Une réponse bientôt car j'ai un hub USB qui marche sur 8.6

...


----------



## Membre supprimé 2 (1 Juillet 2000)

Donc ce fameux hub USB 4 ports sous MacOS8.6 fonctionne sans aucun driver et s'appelle : (je lis sur la boîte parce que c'est pas clair) Titre : "Catch the USB..." 4-ports USB Hub. Une étiquette précise que c'est un "IMAC-HUB" dont le "Power Type" est "European".
En espérant que cela t'aide dans ta recherche...


----------



## Toz (1 Juillet 2000)

Bon ben stephus, merci.
Je vais donc chercher ce hub USB, ce qui me coutera moins cher que de passer en OS 9.
Donc au passage si quelqu'un veut mon très joli hub USB de chez Techworks, je le fait à prix coutant.

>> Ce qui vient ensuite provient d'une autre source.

(* If $\Gamma\vdash^{n_1} t(u,x.r)(u',y.r'):\sigma$ is derivable in $\cap J$ (with $x\notin\mathrm{fv}(u')\cup\mathrm{fv}(r')$), then there exist an environment $\Sigma\sqsubseteq\Gamma$ and $n_2\le n_1$ such that $\Sigma\vdash^{n_2} t(u,x.r(u',y.r')):\sigma$ is derivable in $\cap J$.
   Context: Terms $\mathtt T_J$: $t,u,r ::= x \mid \lambda x.t \mid t(u,y.r)$ ($y$ bound in $r$), up to $\alpha$-equivalence. System $\cap J$: types $\sigma,\tau ::= \alpha \mid \mathcal M\to\sigma$, $\mathcal M=[\sigma_i]_{i\in I}$ a finite possibly empty multiset; $\sqcup$ multiset union; environments map variables to multisets, $\wedge$ pointwise union, $\Gamma;x:\mathcal M$ extension with $x\notin\mathrm{dom}\,\Gamma$; $\Sigma\sqsubseteq\Gamma$ means $\Sigma(z)\subseteq\Gamma(z)$ (multiset inclusion) for every variable $z$. $\mathrm{ch}(\mathcal M)=\mathcal M$ if $\mathcal M\ne[\,]$, $\mathrm{ch}([\,])=[\tau]$ for an arbitrary $\tau$. Rules: (var) $x:[\sigma]\vdash x:\sigma$; (abs) from $\Gamma;x:\mathcal M\vdash t:\sigma$ infer $\Gamma\vdash\lambda x.t:\mathcal M\to\sigma$; (many) from $(\Gamma_i\vdash t:\sigma_i)_{i\in I}$, $I\ne\emptyset$, infer $\wedge_i\Gamma_i\vdash t:[\sigma_i]_{i\in I}$; (app) from $\Gamma\vdash t:\mathrm{ch}([\mathcal M_i\to\tau_i]_{i\in I})$, $\Delta\vdash u:\mathrm{ch}(\sqcup_i\mathcal M_i)$, $\Lambda;y:[\tau_i]_{i\in I}\vdash r:\sigma$ infer $\Gamma\wedge\Delta\wedge\Lambda\vdash t(u,y.r):\sigma$. $\vdash^n$ indicates a derivation of size $n$ = number of rule instances other than (many). *)

theory Defs
  imports Main "HOL-Library.Multiset"
begin

type_synonym var = nat

(* Terms T_J (raw named terms; App t u y r is t(u,y.r), y bound in r) *)
datatype trm = Var var | Lam var trm | App trm trm var trm

fun fv :: "trm \<Rightarrow> var set" where
  "fv (Var x) = {x}"
| "fv (Lam x t) = fv t - {x}"
| "fv (App t u y r) = fv t \<union> fv u \<union> (fv r - {y})"

datatype ty = TAtom nat | Arr "ty multiset" ty

type_synonym env = "var \<Rightarrow> ty multiset"

definition env_empty :: env where "env_empty = (\<lambda>_. {#})"

definition env_union :: "env \<Rightarrow> env \<Rightarrow> env" where
  "env_union \<Gamma> \<Delta> = (\<lambda>z. \<Gamma> z + \<Delta> z)"

definition env_sub :: "env \<Rightarrow> env \<Rightarrow> bool" where
  "env_sub \<Sigma> \<Gamma> \<longleftrightarrow> (\<forall>z. \<Sigma> z \<subseteq># \<Gamma> z)"

(* ch_rel M N : N is a possible value of ch(M) *)
definition ch_rel :: "ty multiset \<Rightarrow> ty multiset \<Rightarrow> bool" where
  "ch_rel M N \<longleftrightarrow> (M \<noteq> {#} \<and> N = M) \<or> (M = {#} \<and> (\<exists>\<tau>. N = {#\<tau>#}))"

(* has_type \<Gamma> t \<sigma> n  :  \<Gamma> \<turnstile>^n t : \<sigma>
   has_mtype \<Gamma> t M n :  \<Gamma> \<turnstile>^n t : M  (obtained by rule many)
   The size n counts all rule instances except (many). *)
inductive has_type :: "env \<Rightarrow> trm \<Rightarrow> ty \<Rightarrow> nat \<Rightarrow> bool"
  and has_mtype :: "env \<Rightarrow> trm \<Rightarrow> ty multiset \<Rightarrow> nat \<Rightarrow> bool" where
  t_var: "has_type (env_empty(x := {#\<sigma>#})) (Var x) \<sigma> 1"
| t_abs: "has_type \<Gamma> t \<sigma> n \<Longrightarrow> has_type (\<Gamma>(x := {#})) (Lam x t) (Arr (\<Gamma> x) \<sigma>) (Suc n)"
| t_many: "xs \<noteq> [] \<Longrightarrow> \<forall>p\<in>set xs. has_type (fst p) t (fst (snd p)) (snd (snd p)) \<Longrightarrow>
     has_mtype (foldr env_union (map fst xs) env_empty) t (mset (map (fst \<circ> snd) xs))
          (sum_list (map (snd \<circ> snd) xs))"
| t_app: "has_mtype \<Gamma> t N1 n1 \<Longrightarrow> ch_rel (mset (map (\<lambda>(M, \<tau>). Arr M \<tau>) ps)) N1 \<Longrightarrow>
     has_mtype \<Delta> u N2 n2 \<Longrightarrow> ch_rel (sum_list (map fst ps)) N2 \<Longrightarrow>
     has_type \<Lambda> r \<sigma> n3 \<Longrightarrow> \<Lambda> y = mset (map snd ps) \<Longrightarrow>
     has_type (env_union (env_union \<Gamma> \<Delta>) (\<Lambda>(y := {#}))) (App t u y r) \<sigma> (Suc (n1 + n2 + n3))"

end

theory Submission
  imports Defs
begin

(* The left part t(u,x.r) of the outer application is typed by ch([M_i \<rightarrow> \<tau>_i]_i), i.e. by a
   family of derivations of t(u,x.r), each splitting into derivations for t, u and r.  Gathering
   the family gives one typing of t, one of u, and a typing of r by the same ch([M_i \<rightarrow> \<tau>_i]_i),
   so r can replace t(u,x.r) in the outer application while t and u are put back around it.
   Since x is not free in u' and r', their environments assign nothing to x, so the binder x
   receives exactly the types r needs.  While gathering, typings of ch([]) are arbitrary
   witnesses that may be dropped, and the several application rules for t(u,x.r) collapse into
   one: hence only \<Sigma> \<sqsubseteq> \<Gamma> and n2 \<le> n1. *)

abbreviation arrows :: "(ty multiset \<times> ty) list \<Rightarrow> ty multiset" where
  "arrows ps \<equiv> mset (map (\<lambda>(M, \<tau>). Arr M \<tau>) ps)"

abbreviation arrow_domains :: "(ty multiset \<times> ty) list \<Rightarrow> ty multiset" where
  "arrow_domains ps \<equiv> sum_list (map fst ps)"

abbreviation arrow_codomains :: "(ty multiset \<times> ty) list \<Rightarrow> ty multiset" where
  "arrow_codomains ps \<equiv> mset (map snd ps)"

definition has_ch_type :: "env \<Rightarrow> trm \<Rightarrow> ty multiset \<Rightarrow> nat \<Rightarrow> bool" where
  "has_ch_type \<Gamma> t M n \<longleftrightarrow> (\<exists>N. has_mtype \<Gamma> t N n \<and> ch_rel M N)"

lemma env_union_empty [simp]: "env_union \<Gamma> env_empty = \<Gamma>"
  by (simp add: env_union_def env_empty_def)

lemma env_union_assoc: "env_union (env_union \<Gamma> \<Delta>) \<Lambda> = env_union \<Gamma> (env_union \<Delta> \<Lambda>)"
  by (simp add: env_union_def add.assoc)

lemma env_union_upd_empty:
  "(env_union \<Gamma> \<Delta>)(x := {#}) = env_union (\<Gamma>(x := {#})) (\<Delta>(x := {#}))"
  by (simp add: env_union_def fun_eq_iff)

lemma foldr_env_union_append:
  "foldr env_union (\<Gamma>s @ \<Delta>s) env_empty = env_union (foldr env_union \<Gamma>s env_empty) (foldr env_union \<Delta>s env_empty)"
  by (induction \<Gamma>s) (simp_all add: fun_eq_iff env_union_def env_empty_def)

lemma env_sub_refl [simp]: "env_sub \<Gamma> \<Gamma>"
  by (simp add: env_sub_def)

lemma env_sub_trans [trans]: "env_sub \<Gamma> \<Delta> \<Longrightarrow> env_sub \<Delta> \<Lambda> \<Longrightarrow> env_sub \<Gamma> \<Lambda>"
  unfolding env_sub_def by (metis subset_mset.order_trans)

lemma env_sub_union_mono: "env_sub \<Gamma> \<Gamma>' \<Longrightarrow> env_sub \<Delta> \<Delta>' \<Longrightarrow> env_sub (env_union \<Gamma> \<Delta>) (env_union \<Gamma>' \<Delta>')"
  by (simp add: env_sub_def env_union_def subset_mset.add_mono)

lemma env_sub_union_left: "env_sub \<Gamma> (env_union \<Gamma> \<Delta>)"
  by (simp add: env_sub_def env_union_def)

lemma env_sub_union_right: "env_sub \<Delta> (env_union \<Gamma> \<Delta>)"
  by (simp add: env_sub_def env_union_def)

lemma has_type_env_notin_fv:
  "has_type \<Gamma> t \<sigma> n \<Longrightarrow> z \<notin> fv t \<Longrightarrow> \<Gamma> z = {#}"
  "has_mtype \<Gamma> t M n \<Longrightarrow> z \<notin> fv t \<Longrightarrow> \<Gamma> z = {#}"
proof (induction rule: has_type_has_mtype.inducts)
  case (t_many xs t)
  then have "\<forall>p\<in>set xs. fst p z = {#}"
    by blast
  then show ?case
    by (induction xs) (simp_all add: env_union_def env_empty_def)
qed (auto simp: env_union_def env_empty_def)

Jamais servi ;-)
Ne fonctionne que sur OS 9
Merci


----------



## Anonyme (1 Juillet 2000)

Je suis quasi sur que la marque du hub ne changera ABSOLUMENT rien au fait que ton hub ne marche pas en 8.6,... Pas de drivers USB pas de HUB,... C'est logique non ? Passe à l'OS 9,... Tous les problèmes USB qui surviendront plus tard sont déjà ainsi évités en partie,...

ABE,...

++

------------------
Florent aka Core Marshall
http://homepage.mac.com/redbull


----------



## Toz (1 Juillet 2000)

Mais je les ai les drivers USB! Quand je connecte directement mon imprimante, mon graveur ou ma caméra sur le mac, ils fonctionnent tous! C'est très très chiant...
Mais là ou t'as un peu raison c'est que si l'autre Hub ne fonctionne tjrs pas, je m'en remet pour trois cent balles. Au bout de trois hub, ça me fait un OS 9 ;-)
Alexandre


----------



## Toz (3 Juillet 2000)

Allez hop! je suis passé en OS 9 et je n'ai plus aucun problème d'USB!
C'est fin,i on en parle plus.

Merci à tous
Alexandre


----------